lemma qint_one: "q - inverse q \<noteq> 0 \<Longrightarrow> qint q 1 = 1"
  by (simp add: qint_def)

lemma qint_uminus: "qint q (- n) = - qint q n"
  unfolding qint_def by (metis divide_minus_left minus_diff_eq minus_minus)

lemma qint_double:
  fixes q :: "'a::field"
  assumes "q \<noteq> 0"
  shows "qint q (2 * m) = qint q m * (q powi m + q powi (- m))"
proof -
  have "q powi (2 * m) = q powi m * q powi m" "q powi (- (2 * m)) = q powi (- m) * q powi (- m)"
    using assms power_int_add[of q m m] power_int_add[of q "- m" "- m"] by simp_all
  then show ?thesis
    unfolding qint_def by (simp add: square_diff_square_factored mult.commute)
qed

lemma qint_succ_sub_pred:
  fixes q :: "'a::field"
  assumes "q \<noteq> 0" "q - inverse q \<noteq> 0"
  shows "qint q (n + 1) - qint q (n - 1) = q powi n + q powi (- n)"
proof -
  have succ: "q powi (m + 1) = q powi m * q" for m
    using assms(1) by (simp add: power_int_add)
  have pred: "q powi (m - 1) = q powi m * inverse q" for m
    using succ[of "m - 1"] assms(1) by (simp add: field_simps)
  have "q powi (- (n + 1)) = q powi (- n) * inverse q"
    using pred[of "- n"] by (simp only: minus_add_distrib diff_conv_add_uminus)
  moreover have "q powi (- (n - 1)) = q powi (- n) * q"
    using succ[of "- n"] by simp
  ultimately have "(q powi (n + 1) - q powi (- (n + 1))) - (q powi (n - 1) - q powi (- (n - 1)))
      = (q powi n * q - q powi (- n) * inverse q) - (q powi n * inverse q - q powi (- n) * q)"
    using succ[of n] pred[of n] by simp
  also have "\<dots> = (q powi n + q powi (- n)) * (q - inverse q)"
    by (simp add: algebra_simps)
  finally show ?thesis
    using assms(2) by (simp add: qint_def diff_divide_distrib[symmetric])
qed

_ _ _

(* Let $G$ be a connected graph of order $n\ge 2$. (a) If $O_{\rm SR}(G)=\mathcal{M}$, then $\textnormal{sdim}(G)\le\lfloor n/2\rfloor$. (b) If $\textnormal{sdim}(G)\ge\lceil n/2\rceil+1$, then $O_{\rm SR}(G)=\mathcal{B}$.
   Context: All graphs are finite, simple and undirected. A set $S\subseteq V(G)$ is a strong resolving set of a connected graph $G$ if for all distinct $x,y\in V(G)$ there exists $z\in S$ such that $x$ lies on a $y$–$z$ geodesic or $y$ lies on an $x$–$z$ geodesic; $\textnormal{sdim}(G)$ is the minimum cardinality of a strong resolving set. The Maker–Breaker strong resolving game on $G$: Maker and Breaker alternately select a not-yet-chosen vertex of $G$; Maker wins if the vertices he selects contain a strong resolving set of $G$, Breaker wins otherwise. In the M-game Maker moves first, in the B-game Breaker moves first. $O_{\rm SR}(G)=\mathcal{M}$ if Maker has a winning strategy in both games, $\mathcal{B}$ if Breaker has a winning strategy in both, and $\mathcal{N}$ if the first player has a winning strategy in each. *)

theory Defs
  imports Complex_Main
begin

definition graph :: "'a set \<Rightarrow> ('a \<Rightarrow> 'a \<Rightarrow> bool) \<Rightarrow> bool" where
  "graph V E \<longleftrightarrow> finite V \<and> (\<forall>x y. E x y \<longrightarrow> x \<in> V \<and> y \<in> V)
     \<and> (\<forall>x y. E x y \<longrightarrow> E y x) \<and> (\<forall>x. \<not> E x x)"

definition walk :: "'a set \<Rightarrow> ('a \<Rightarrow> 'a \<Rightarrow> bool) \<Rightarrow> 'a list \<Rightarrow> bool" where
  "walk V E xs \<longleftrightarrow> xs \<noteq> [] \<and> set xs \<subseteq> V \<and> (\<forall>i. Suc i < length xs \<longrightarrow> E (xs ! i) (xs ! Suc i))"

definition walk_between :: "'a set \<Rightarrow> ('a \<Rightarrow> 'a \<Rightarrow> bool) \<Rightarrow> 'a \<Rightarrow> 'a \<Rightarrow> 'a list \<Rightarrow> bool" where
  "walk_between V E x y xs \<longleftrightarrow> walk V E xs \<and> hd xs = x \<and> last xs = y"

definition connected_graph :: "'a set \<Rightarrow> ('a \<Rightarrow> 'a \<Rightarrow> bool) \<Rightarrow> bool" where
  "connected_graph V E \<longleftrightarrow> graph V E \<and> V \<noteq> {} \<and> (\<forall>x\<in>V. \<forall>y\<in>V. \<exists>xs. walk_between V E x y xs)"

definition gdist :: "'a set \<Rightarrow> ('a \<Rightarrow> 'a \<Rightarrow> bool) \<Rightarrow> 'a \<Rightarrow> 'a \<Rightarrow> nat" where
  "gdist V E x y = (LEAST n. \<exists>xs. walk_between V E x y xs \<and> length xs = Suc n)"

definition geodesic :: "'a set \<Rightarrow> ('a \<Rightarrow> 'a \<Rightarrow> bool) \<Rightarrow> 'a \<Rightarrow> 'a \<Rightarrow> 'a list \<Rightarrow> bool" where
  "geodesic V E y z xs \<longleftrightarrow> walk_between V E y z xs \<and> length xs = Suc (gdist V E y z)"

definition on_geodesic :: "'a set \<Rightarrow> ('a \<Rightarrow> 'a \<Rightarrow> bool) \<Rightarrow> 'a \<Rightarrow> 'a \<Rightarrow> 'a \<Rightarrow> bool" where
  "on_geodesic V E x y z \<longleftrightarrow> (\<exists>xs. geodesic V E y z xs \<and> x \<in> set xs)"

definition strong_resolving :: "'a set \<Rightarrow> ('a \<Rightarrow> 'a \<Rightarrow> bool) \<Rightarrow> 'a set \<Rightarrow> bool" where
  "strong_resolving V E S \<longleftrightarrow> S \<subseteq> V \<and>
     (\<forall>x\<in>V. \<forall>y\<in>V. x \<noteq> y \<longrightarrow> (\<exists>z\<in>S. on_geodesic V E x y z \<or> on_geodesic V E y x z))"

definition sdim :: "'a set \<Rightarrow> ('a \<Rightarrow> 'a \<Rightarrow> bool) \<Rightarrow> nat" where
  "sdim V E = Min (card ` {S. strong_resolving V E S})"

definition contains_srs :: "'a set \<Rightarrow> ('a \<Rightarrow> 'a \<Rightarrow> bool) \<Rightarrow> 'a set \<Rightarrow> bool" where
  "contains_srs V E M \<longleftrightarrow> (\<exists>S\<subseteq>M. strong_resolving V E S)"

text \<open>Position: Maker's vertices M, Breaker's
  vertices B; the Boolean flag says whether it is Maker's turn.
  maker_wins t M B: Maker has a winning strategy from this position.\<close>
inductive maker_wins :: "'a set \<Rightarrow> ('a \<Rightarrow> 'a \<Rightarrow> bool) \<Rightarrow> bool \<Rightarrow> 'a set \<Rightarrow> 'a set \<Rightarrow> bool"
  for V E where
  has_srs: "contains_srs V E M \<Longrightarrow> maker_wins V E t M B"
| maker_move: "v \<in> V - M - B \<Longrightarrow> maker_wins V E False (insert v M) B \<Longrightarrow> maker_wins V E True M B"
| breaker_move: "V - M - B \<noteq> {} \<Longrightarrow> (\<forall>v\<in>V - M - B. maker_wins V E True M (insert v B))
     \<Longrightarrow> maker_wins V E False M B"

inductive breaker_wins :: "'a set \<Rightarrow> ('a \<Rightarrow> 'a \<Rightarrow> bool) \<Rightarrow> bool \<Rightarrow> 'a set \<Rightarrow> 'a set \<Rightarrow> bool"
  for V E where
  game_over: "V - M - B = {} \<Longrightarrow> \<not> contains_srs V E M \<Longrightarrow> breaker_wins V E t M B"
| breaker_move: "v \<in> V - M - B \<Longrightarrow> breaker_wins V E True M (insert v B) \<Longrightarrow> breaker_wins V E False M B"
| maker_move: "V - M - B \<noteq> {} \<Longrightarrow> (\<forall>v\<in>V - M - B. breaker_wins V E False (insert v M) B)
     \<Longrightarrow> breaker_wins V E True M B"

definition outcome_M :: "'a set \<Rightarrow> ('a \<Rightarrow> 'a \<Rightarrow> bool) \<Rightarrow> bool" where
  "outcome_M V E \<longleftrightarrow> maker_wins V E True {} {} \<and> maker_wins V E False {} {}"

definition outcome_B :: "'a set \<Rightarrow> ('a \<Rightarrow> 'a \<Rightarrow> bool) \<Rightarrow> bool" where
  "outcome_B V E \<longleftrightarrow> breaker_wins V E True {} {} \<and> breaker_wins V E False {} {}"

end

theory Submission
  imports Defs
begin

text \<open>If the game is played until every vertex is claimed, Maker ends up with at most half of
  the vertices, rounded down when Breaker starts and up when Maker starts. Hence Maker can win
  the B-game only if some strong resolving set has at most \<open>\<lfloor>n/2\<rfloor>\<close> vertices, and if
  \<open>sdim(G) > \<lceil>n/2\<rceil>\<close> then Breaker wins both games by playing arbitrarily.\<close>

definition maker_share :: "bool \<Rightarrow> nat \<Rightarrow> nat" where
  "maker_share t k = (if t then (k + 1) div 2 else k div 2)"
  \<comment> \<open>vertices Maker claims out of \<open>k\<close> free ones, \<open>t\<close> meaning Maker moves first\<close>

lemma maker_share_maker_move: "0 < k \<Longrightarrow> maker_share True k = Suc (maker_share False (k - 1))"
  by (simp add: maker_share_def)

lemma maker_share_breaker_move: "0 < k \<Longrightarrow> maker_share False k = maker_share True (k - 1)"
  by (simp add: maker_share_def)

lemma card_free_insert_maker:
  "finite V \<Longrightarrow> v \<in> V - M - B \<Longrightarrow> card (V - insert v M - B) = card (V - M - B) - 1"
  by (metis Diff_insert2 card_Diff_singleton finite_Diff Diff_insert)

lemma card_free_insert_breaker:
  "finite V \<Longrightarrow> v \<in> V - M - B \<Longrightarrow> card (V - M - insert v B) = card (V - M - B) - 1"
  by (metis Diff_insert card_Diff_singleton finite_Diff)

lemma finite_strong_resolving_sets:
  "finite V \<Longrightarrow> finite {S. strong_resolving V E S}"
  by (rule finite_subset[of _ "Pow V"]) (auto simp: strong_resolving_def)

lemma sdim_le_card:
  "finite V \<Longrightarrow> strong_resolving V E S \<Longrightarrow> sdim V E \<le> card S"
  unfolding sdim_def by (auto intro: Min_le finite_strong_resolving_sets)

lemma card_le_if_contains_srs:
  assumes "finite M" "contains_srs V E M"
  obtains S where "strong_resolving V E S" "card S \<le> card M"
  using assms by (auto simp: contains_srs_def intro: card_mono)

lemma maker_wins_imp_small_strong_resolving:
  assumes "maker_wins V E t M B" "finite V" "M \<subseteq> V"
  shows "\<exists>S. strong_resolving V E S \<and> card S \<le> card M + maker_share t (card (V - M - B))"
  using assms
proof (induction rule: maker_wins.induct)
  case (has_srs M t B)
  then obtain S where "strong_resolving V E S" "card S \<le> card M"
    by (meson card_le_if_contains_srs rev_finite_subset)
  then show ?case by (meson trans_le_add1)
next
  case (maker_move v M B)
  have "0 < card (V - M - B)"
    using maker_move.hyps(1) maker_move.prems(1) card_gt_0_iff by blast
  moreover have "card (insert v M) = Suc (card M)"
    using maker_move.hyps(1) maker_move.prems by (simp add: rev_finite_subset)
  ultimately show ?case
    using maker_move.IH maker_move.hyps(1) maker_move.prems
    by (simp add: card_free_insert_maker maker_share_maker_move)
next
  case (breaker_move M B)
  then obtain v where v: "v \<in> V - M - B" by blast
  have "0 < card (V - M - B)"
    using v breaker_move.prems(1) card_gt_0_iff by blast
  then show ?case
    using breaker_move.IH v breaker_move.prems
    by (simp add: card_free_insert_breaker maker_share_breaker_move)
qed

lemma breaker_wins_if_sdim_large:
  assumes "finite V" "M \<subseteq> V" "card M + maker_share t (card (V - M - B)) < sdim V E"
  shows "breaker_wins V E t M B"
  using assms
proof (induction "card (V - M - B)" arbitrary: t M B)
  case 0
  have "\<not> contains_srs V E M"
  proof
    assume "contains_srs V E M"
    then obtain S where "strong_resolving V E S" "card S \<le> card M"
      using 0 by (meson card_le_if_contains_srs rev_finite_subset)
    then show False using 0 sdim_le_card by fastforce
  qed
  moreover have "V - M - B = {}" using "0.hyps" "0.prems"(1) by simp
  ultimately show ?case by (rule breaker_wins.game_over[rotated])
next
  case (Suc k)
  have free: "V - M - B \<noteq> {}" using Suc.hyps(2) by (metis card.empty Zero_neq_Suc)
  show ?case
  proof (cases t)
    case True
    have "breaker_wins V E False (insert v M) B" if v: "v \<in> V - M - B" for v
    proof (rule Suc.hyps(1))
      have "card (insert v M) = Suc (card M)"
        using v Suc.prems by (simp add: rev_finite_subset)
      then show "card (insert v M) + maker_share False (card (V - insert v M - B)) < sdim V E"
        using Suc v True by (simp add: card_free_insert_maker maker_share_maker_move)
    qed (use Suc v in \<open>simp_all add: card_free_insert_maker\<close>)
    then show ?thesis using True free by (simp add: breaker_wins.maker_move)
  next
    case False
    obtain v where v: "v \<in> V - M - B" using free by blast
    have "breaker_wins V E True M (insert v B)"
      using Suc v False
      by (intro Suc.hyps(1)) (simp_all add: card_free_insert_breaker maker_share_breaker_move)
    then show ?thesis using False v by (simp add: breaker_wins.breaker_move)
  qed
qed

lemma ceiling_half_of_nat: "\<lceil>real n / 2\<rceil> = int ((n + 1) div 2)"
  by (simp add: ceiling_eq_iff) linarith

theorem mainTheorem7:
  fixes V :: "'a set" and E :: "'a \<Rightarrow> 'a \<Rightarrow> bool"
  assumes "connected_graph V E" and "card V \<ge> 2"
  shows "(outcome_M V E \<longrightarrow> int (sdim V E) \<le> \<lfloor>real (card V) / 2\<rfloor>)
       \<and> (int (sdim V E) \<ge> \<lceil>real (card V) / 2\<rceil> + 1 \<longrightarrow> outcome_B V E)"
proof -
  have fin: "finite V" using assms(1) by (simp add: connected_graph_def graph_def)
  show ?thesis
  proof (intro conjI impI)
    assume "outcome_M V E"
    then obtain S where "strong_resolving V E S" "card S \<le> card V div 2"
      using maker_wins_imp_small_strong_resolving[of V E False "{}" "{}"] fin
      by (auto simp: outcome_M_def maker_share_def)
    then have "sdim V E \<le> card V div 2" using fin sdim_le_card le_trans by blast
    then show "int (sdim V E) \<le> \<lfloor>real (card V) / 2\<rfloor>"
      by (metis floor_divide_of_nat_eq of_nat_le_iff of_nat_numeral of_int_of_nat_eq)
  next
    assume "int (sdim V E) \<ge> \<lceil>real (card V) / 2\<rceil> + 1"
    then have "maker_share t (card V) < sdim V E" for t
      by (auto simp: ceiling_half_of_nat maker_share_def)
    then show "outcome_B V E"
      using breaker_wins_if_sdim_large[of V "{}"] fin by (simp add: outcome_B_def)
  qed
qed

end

_ _ _

Activity: In the data above, find the line with "bool) \<Rightarrow> 'a list" and the line with "E xs \<longleftrightarrow>". Retype both, plus every line between them, exactly.

Task solution:
definition walk :: "'a set \<Rightarrow> ('a \<Rightarrow> 'a \<Rightarrow> bool) \<Rightarrow> 'a list \<Rightarrow> bool" where
  "walk V E xs \<longleftrightarrow> xs \<noteq> [] \<and> set xs \<subseteq> V \<and> (\<forall>i. Suc i < length xs \<longrightarrow> E (xs ! i) (xs ! Suc i))"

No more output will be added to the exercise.